When you reach the line containing "(* Let E = |W|^2" in the entries below, start writing out each line exactly, and stop after the line containing "f) \<longlongrightarrow> tail f t)".

(Source records)
* * *
(* Let $M$, $\alpha,\beta,\gamma$ satisfy the standing assumptions described in the context, let $T>0$ and $b$ be as fixed in the context, let $N>0$, and for $\xi\in\mathbb{R}^n$ let $W(t,\xi)\in\mathbb{C}^2$ be any solution on $[T,\infty)$ of $$\partial_t W=\begin{pmatrix}-2b(t)& i|\xi|\\ i|\xi|&0\end{pmatrix}W .$$ Then there exists a positive constant $K_2$ such that, for all $(t,\xi)\in Z_\Psi$ with $\xi\ne0$: if $\alpha>0$, then $K_2^{-1}|W(T,\xi)|\le|W(t,\xi)|\le K_2|W(T,\xi)|$; if $\alpha\le0$, then $K_2^{-1}|W(t_\xi,\xi)|\le|W(t,\xi)|\le K_2|W(t_\xi,\xi)|$.
   Context: Standing assumptions: $M:[0,\infty)\to\mathbb{R}$ continuous; $\alpha\le1$, $\beta<1$, $\gamma>0$ with $\gamma\ge\beta\ge(\alpha+1)/2$ if $\alpha\ne0$ and $\gamma\ge\beta>1/2$ if $\alpha=0$; $M$ satisfies: (M1) if $\alpha\ge 0$, $\int_0^t\big|\int_s^\infty\int_\sigma^\infty M(\tau)\,d\tau\,d\sigma\big|\,ds\lesssim(1+t)^{\alpha}$; if $\alpha\le 0$, $\int_t^\infty\big|\int_s^\infty\int_\sigma^\infty M(\tau)\,d\tau\,d\sigma\big|\,ds\lesssim(1+t)^{\alpha}$ (both when $\alpha=0$); (M2) $|M(t)|\lesssim(1+t)^{-2\beta}$; (M3) $\big|\int_t^\infty M\big|\lesssim(1+t)^{-\gamma}$, $\int_t^\infty\big(\int_s^\infty M\big)^2ds\lesssim(1+t)^{-\gamma}$, $\int_0^\infty\int_t^\infty\big(\int_s^\infty M\big)^2\,ds\,dt<\infty$; and $\sup_{t\ge0}(1+t)^\alpha\int_t^\infty\int_s^\infty(\int_\sigma^\infty M)^2\,d\sigma\,ds<\infty$; here $f\lesssim g$ means $f\le Cg$ with $C$ independent of $t$. Definition of $b$ and $T$: $q_1:=M$, $Q_k(t):=-\int_t^\infty q_k$, $q_k:=\sum_{j=1}^{k-1}Q_jQ_{k-j}$ ($k\ge2$), $\phi(t):=-\int_t^\infty Q_2$; $T>0$ is chosen so that $|\int_t^\infty Q_1(s)\,ds|\le1$ and $\phi(t)\le6^{-4}$ for all $t\ge T$, and $b(t):=\sum_{k\ge1}Q_k(t)$ on $[T,\infty)$. Zones: $Z_\Psi:=\{(t,\xi)\in[T,\infty)\times\mathbb{R}^n:(1+t)^\alpha|\xi|\le N\}$; for $\alpha\ne0$, $\xi\ne0$, $t_\xi:=\max\{T,(N|\xi|^{-1})^{1/\alpha}-1\}$, and for $\alpha=0$ set $t_\xi:=T$. *)

theory Defs
  imports "HOL-Analysis.Analysis"
begin

definition has_tail :: "(real \<Rightarrow> real) \<Rightarrow> real \<Rightarrow> bool" where
  "has_tail f t \<longleftrightarrow> (\<forall>R\<ge>t. f integrable_on {t..R}) \<and>
                     (\<exists>L. ((\<lambda>R. integral {t..R} f) \<longlongrightarrow> L) at_top)"

definition tail :: "(real \<Rightarrow> real) \<Rightarrow> real \<Rightarrow> real" where
  "tail f t = Lim at_top (\<lambda>R. integral {t..R} f)"

function Qk :: "(real \<Rightarrow> real) \<Rightarrow> nat \<Rightarrow> real \<Rightarrow> real" where
  "Qk M 0 t = 0"
| "Qk M (Suc 0) t = - tail M t"
| "Qk M (Suc (Suc n)) t =
     - tail (\<lambda>s. \<Sum>j\<in>{1..Suc n}. Qk M j s * Qk M (Suc (Suc n) - j) s) t"
  by pat_completeness auto
termination
  by (relation "Wellfounded.measure (\<lambda>(M, k, t). k)") auto

definition phi :: "(real \<Rightarrow> real) \<Rightarrow> real \<Rightarrow> real" where
  "phi M t = - tail (Qk M 2) t"

definition bcoef :: "(real \<Rightarrow> real) \<Rightarrow> real \<Rightarrow> real" where
  "bcoef M t = (\<Sum>k. Qk M (Suc k) t)"

definition standing_assumptions ::
  "(real \<Rightarrow> real) \<Rightarrow> real \<Rightarrow> real \<Rightarrow> real \<Rightarrow> bool" where
  "standing_assumptions M \<alpha> \<beta> \<gamma> \<longleftrightarrow>
    (let I1 = tail M; I2 = tail I1; J = tail (\<lambda>s. (I1 s)\<^sup>2) in
     continuous_on {0..} M \<and>
     \<alpha> \<le> 1 \<and> \<beta> < 1 \<and> \<gamma> > 0 \<and>
     (\<alpha> \<noteq> 0 \<longrightarrow> \<gamma> \<ge> \<beta> \<and> \<beta> \<ge> (\<alpha> + 1) / 2) \<and>
     (\<alpha> = 0 \<longrightarrow> \<gamma> \<ge> \<beta> \<and> \<beta> > 1 / 2) \<and>
     \<comment> \<open>the improper integrals occurring in (M1)-(M3) exist\<close>
     (\<forall>t\<ge>0. has_tail M t \<and> has_tail I1 t) \<and>
     \<comment> \<open>(M1)\<close>
     (\<alpha> \<ge> 0 \<longrightarrow> (\<exists>C. \<forall>t\<ge>0. integral {0..t} (\<lambda>s. \<bar>I2 s\<bar>) \<le> C * (1 + t) powr \<alpha>)) \<and>
     (\<alpha> \<le> 0 \<longrightarrow> (\<exists>C. \<forall>t\<ge>0. has_tail (\<lambda>s. \<bar>I2 s\<bar>) t \<and>
                             tail (\<lambda>s. \<bar>I2 s\<bar>) t \<le> C * (1 + t) powr \<alpha>)) \<and>
     \<comment> \<open>(M2)\<close>
     (\<exists>C. \<forall>t\<ge>0. \<bar>M t\<bar> \<le> C * (1 + t) powr (- 2 * \<beta>)) \<and>
     \<comment> \<open>(M3)\<close>
     (\<exists>C. \<forall>t\<ge>0. \<bar>I1 t\<bar> \<le> C * (1 + t) powr (- \<gamma>)) \<and>
     (\<exists>C. \<forall>t\<ge>0. has_tail (\<lambda>s. (I1 s)\<^sup>2) t \<and> J t \<le> C * (1 + t) powr (- \<gamma>)) \<and>
     has_tail J 0 \<and>
     \<comment> \<open>\<open>sup_t (1+t)^\<alpha> \<integral>_t^\<infinity>\<integral>_s^\<infinity>(\<integral>_\<sigma>^\<infinity>M)^2 < \<infinity>\<close>\<close>
     (\<exists>C. \<forall>t\<ge>0. has_tail J t \<and> (1 + t) powr \<alpha> * tail J t \<le> C))"

definition admissible_T :: "(real \<Rightarrow> real) \<Rightarrow> real \<Rightarrow> bool" where
  "admissible_T M T \<longleftrightarrow> T > 0 \<and>
     (\<forall>t\<ge>T. \<bar>tail (Qk M 1) t\<bar> \<le> 1 \<and> phi M t \<le> 6 powr (-4))"

definition sysmat :: "(real \<Rightarrow> real) \<Rightarrow> real \<Rightarrow> real \<Rightarrow> complex^2^2" where
  "sysmat b r t = vector [vector [- 2 * complex_of_real (b t), \<i> * complex_of_real r],
                          vector [\<i> * complex_of_real r, 0]]"

definition in_Zpsi :: "real \<Rightarrow> real \<Rightarrow> real \<Rightarrow> real \<Rightarrow> 'n::real_normed_vector \<Rightarrow> bool" where
  "in_Zpsi \<alpha> T N t \<xi> \<longleftrightarrow> t \<ge> T \<and> (1 + t) powr \<alpha> * norm \<xi> \<le> N"

definition t_xi :: "real \<Rightarrow> real \<Rightarrow> real \<Rightarrow> 'n::real_normed_vector \<Rightarrow> real" where
  "t_xi \<alpha> T N \<xi> = (if \<alpha> = 0 then T else max T ((N / norm \<xi>) powr (1 / \<alpha>) - 1))"

end

theory Submission
  imports Defs
begin

(* Let E = |W|^2 and P = |W_1|^2. Along solutions E' = -4 b P, so everything hinges on the
   damping coefficient b = sum_k Q_k. With I1 = int_t^oo M and J = int_t^oo I1^2 one has
   Q_1 = -I1 and Q_2 = -J, and by induction |Q_k| <= c_(k-2) J for k >= 2, where
   c_(m+1) = 2 eps c_m + eps^2 sum_i c_i c_(m-1-i) with eps = 1/36, so that eps^2 = 6^-4 is the
   bound on phi = int_t^oo J in the choice of T. Since sum_k c_k <= 2, b = -I1 + O(J).
   The leading term is removed by a Lyapunov correction: for G = ln E + 4 I2 P/E, with
   I2' = -I1, one finds |G'| <= 16 J + 4 |I1| |I2| + 4 |xi| |I2|. The first two terms are
   integrable on [T, oo) by the choice of T and by (M1), (M3); by (M1), the integral of the last
   one from the left end of the xi-section of the zone Z_Psi to any later point of it is at most
   C N. Integrating G' gives the two-sided bound; if E vanishes somewhere, Gronwall forces
   W = 0 throughout. *)

section \<open>Tails of improper integrals\<close>

lemma tail_eqI:
  assumes "((\<lambda>R. integral {t..R} f) \<longlongrightarrow> L) at_top"
  shows "tail f t = L"
  using assms unfolding tail_def by (simp add: tendsto_Lim)

lemma tail_tendsto:
  assumes "has_tail f t"
  shows "((\<lambda>R. integral {t..R} f) \<longlongrightarrow> tail f t) at_top"
  using assms tail_eqI unfolding has_tail_def by metis

lemma has_tail_integrable:
  assumes "has_tail f t" "t \<le> R"
  shows "f integrable_on {t..R}"
  using assms unfolding has_tail_def by blast

lemma
  assumes "has_tail f s" "s \<le> R"
  shows has_tail_shift: "has_tail f R"
    and tail_split: "tail f s = integral {s..R} f + tail f R"
proof -
  have int: "f integrable_on {R..R'}" if "R \<le> R'" for R'
    using integrable_subinterval_real[OF has_tail_integrable[OF assms(1), of R']] assms(2) that
    by simp
  have "\<forall>\<^sub>F R' in at_top. integral {s..R'} f - integral {s..R} f = integral {R..R'} f"
    using eventually_ge_at_top[of R]
  proof eventually_elim
    case (elim R')
    then show ?case
      using Henstock_Kurzweil_Integration.integral_combine[OF assms(2) elim
          has_tail_integrable[OF assms(1)]] assms(2) elim
      by simp
  qed
  moreover have "((\<lambda>R'. integral {s..R'} f - integral {s..R} f) \<longlongrightarrow> tail f s - integral {s..R} f) at_top"
    by (intro tendsto_diff tail_tendsto assms tendsto_const)
  ultimately have lim: "((\<lambda>R'. integral {R..R'} f) \<longlongrightarrow> tail f s - integral {s..R} f) at_top"
    by (rule Lim_transform_eventually[rotated])
  show "has_tail f R"
    using int lim unfolding has_tail_def by blast
  show "tail f s = integral {s..R} f + tail f R"
    using tail_eqI[OF lim] by simp
qed

lemma has_real_derivative_tail:
  assumes "has_tail f a" "continuous_on {a..b} f" "x \<in> {a..b}"
  shows "(tail f has_real_derivative - f x) (at x within {a..b})"
proof -
  have "((\<lambda>u. tail f a - integral {a..u} f) has_real_derivative 0 - f x) (at x within {a..b})"
    by (intro DERIV_diff DERIV_const integral_has_real_derivative assms)
  then have "((\<lambda>u. tail f a - integral {a..u} f) has_real_derivative - f x) (at x within {a..b})"
    by simp
  moreover have "tail f a - integral {a..u} f = tail f u" if "u \<in> {a..b}" for u
    using tail_split[OF assms(1), of u] that by simp
  ultimately show ?thesis
    by (rule has_field_derivative_transform_within[OF _ zero_less_one assms(3)])
qed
* * *
TASK ANSWER
(* Let E = |W|^2 and P = |W_1|^2. Along solutions E' = -4 b P, so everything hinges on the
   damping coefficient b = sum_k Q_k. With I1 = int_t^oo M and J = int_t^oo I1^2 one has
   Q_1 = -I1 and Q_2 = -J, and by induction |Q_k| <= c_(k-2) J for k >= 2, where
   c_(m+1) = 2 eps c_m + eps^2 sum_i c_i c_(m-1-i) with eps = 1/36, so that eps^2 = 6^-4 is the
   bound on phi = int_t^oo J in the choice of T. Since sum_k c_k <= 2, b = -I1 + O(J).
   The leading term is removed by a Lyapunov correction: for G = ln E + 4 I2 P/E, with
   I2' = -I1, one finds |G'| <= 16 J + 4 |I1| |I2| + 4 |xi| |I2|. The first two terms are
   integrable on [T, oo) by the choice of T and by (M1), (M3); by (M1), the integral of the last
   one from the left end of the xi-section of the zone Z_Psi to any later point of it is at most
   C N. Integrating G' gives the two-sided bound; if E vanishes somewhere, Gronwall forces
   W = 0 throughout. *)

section \<open>Tails of improper integrals\<close>

lemma tail_eqI:
  assumes "((\<lambda>R. integral {t..R} f) \<longlongrightarrow> L) at_top"
  shows "tail f t = L"
  using assms unfolding tail_def by (simp add: tendsto_Lim)

lemma tail_tendsto:
  assumes "has_tail f t"
  shows "((\<lambda>R. integral {t..R} f) \<longlongrightarrow> tail f t) at_top"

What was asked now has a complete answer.